= TASK INSTRUCTIONS =
When the line containing "using holomorphic_derivI[OF hol" appears in the entries below, begin printing there and stop after the line containing "by (auto intro!: derivative_eq_intros"; print each of those lines exactly and no other line.

Source data
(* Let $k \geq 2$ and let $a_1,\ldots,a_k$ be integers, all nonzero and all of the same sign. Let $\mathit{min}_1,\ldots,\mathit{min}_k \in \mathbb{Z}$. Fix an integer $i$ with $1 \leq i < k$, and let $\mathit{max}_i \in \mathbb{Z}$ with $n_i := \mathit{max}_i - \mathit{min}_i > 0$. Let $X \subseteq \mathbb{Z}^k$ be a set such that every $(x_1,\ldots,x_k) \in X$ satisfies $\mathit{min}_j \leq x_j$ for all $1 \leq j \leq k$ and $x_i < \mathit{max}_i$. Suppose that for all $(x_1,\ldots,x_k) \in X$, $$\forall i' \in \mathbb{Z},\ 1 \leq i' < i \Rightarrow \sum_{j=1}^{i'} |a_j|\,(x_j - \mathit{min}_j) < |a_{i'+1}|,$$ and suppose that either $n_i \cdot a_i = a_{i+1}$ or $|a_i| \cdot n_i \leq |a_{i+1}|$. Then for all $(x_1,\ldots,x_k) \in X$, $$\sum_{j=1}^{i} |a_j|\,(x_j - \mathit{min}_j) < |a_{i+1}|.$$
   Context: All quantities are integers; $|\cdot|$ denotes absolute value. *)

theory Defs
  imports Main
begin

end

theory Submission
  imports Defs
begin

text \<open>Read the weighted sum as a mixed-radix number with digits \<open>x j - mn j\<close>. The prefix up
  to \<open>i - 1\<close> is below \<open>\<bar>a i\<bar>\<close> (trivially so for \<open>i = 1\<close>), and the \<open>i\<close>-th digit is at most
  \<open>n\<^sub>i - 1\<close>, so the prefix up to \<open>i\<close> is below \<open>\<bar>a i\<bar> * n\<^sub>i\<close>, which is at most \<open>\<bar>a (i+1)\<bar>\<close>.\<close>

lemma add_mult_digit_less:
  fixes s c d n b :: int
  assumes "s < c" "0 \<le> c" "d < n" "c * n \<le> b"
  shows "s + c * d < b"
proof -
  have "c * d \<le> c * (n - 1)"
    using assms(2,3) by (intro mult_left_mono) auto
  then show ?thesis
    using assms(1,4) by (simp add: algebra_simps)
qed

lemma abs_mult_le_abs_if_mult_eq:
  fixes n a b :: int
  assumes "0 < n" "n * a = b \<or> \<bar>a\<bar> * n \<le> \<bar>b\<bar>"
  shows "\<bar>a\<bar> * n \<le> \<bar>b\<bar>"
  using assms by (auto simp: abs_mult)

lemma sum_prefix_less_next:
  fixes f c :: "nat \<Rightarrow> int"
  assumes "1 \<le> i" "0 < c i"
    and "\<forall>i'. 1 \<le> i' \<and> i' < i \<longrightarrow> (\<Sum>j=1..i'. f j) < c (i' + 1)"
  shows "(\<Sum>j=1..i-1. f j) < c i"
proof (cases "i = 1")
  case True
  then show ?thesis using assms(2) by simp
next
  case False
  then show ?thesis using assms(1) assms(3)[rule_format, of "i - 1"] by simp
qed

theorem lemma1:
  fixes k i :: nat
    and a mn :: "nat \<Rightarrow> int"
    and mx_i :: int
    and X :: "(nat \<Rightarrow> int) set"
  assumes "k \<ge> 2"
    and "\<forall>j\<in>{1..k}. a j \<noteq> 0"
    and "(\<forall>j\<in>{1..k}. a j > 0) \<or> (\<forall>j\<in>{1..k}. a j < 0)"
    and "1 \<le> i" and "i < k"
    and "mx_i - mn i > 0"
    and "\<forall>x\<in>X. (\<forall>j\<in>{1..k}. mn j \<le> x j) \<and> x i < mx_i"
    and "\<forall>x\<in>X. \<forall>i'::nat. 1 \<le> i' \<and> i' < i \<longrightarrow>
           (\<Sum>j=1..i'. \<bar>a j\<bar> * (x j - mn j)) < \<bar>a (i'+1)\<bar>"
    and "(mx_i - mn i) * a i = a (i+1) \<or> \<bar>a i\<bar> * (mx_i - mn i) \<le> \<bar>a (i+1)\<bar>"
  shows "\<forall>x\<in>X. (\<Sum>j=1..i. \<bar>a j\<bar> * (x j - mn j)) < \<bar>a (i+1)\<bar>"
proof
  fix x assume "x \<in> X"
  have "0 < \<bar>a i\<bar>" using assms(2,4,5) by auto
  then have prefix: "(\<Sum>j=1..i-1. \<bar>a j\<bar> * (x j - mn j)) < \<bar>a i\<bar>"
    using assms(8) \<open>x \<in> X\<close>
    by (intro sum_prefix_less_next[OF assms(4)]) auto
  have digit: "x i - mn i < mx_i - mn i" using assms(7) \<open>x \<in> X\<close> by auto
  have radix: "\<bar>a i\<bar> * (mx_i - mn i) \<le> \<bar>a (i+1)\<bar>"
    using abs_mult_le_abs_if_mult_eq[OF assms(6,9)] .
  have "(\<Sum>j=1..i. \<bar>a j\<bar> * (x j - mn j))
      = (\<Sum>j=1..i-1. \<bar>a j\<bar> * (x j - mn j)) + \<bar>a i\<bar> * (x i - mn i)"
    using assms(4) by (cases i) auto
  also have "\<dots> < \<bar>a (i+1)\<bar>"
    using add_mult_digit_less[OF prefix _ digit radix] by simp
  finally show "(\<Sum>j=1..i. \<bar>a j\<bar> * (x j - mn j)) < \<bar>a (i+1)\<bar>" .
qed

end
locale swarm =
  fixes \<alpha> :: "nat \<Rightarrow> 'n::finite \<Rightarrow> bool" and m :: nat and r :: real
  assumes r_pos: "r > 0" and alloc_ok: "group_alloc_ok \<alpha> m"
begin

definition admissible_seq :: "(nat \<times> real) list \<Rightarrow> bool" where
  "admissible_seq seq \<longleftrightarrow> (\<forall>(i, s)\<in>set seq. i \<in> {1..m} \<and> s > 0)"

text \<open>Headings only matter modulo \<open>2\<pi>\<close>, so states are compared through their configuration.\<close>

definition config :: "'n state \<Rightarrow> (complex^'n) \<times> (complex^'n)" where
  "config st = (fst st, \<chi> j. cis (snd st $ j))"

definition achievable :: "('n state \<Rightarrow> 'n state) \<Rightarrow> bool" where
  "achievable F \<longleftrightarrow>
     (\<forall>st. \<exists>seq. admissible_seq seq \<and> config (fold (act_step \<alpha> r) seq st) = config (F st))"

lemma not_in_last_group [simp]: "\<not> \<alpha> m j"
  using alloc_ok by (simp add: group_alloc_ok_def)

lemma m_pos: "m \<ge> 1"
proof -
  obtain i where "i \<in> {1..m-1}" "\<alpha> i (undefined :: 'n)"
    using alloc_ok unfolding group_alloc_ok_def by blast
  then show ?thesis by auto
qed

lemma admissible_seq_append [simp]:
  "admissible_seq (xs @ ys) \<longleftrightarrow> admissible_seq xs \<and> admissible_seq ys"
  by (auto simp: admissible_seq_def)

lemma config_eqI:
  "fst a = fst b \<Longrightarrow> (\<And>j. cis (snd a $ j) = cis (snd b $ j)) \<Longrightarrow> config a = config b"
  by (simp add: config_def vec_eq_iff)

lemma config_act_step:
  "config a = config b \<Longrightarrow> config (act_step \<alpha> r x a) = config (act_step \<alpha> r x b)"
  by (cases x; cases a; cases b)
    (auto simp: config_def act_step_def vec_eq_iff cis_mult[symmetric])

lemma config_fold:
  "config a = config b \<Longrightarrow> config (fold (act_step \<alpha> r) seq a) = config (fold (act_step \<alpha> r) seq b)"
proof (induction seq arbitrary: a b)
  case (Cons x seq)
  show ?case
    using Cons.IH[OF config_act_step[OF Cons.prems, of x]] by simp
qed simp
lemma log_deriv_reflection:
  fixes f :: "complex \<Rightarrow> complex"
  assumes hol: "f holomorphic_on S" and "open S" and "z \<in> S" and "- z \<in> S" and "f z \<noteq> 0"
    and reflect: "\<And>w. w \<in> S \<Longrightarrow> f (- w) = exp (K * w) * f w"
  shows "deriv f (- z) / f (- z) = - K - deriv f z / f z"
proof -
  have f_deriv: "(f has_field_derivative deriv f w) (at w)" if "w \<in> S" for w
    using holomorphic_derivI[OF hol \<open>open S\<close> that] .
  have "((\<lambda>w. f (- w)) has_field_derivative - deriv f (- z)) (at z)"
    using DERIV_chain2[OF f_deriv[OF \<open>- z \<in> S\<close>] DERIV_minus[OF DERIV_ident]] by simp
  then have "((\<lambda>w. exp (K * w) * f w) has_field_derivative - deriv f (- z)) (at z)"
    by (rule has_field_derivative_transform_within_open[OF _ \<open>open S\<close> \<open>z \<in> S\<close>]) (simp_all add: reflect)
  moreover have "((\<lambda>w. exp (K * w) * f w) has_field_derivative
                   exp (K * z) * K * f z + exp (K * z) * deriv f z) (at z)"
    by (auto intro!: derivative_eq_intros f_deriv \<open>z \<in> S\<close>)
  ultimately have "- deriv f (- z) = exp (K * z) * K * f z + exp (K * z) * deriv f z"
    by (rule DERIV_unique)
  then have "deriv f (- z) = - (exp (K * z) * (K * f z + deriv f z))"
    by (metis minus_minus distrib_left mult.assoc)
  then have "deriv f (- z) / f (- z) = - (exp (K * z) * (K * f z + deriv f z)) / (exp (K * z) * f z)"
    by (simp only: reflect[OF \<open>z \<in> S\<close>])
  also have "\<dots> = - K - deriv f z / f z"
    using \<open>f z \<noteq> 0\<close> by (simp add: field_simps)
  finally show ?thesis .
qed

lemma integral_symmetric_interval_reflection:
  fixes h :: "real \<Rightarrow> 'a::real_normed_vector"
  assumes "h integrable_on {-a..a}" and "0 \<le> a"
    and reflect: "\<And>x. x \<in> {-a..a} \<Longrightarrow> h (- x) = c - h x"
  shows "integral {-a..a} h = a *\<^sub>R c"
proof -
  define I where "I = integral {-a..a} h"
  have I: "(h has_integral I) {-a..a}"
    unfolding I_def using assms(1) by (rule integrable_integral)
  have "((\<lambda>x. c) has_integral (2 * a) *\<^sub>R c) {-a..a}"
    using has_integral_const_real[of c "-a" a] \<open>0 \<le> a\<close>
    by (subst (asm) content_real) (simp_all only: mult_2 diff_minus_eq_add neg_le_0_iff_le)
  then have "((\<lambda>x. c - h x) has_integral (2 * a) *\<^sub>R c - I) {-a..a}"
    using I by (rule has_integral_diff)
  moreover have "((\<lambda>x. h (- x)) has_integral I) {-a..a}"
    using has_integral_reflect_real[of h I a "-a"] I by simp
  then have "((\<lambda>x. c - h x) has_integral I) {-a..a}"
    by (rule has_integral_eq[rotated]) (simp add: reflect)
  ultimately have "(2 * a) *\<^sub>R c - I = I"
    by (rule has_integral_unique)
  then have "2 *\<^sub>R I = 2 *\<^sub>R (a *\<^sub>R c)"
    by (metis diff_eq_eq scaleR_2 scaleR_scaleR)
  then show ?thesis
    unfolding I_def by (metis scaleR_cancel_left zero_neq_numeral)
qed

= SOLUTION TO THIS PROBLEM =
    using holomorphic_derivI[OF hol \<open>open S\<close> that] .
  have "((\<lambda>w. f (- w)) has_field_derivative - deriv f (- z)) (at z)"
    using DERIV_chain2[OF f_deriv[OF \<open>- z \<in> S\<close>] DERIV_minus[OF DERIV_ident]] by simp
  then have "((\<lambda>w. exp (K * w) * f w) has_field_derivative - deriv f (- z)) (at z)"
    by (rule has_field_derivative_transform_within_open[OF _ \<open>open S\<close> \<open>z \<in> S\<close>]) (simp_all add: reflect)
  moreover have "((\<lambda>w. exp (K * w) * f w) has_field_derivative
                   exp (K * z) * K * f z + exp (K * z) * deriv f z) (at z)"
    by (auto intro!: derivative_eq_intros f_deriv \<open>z \<in> S\<close>)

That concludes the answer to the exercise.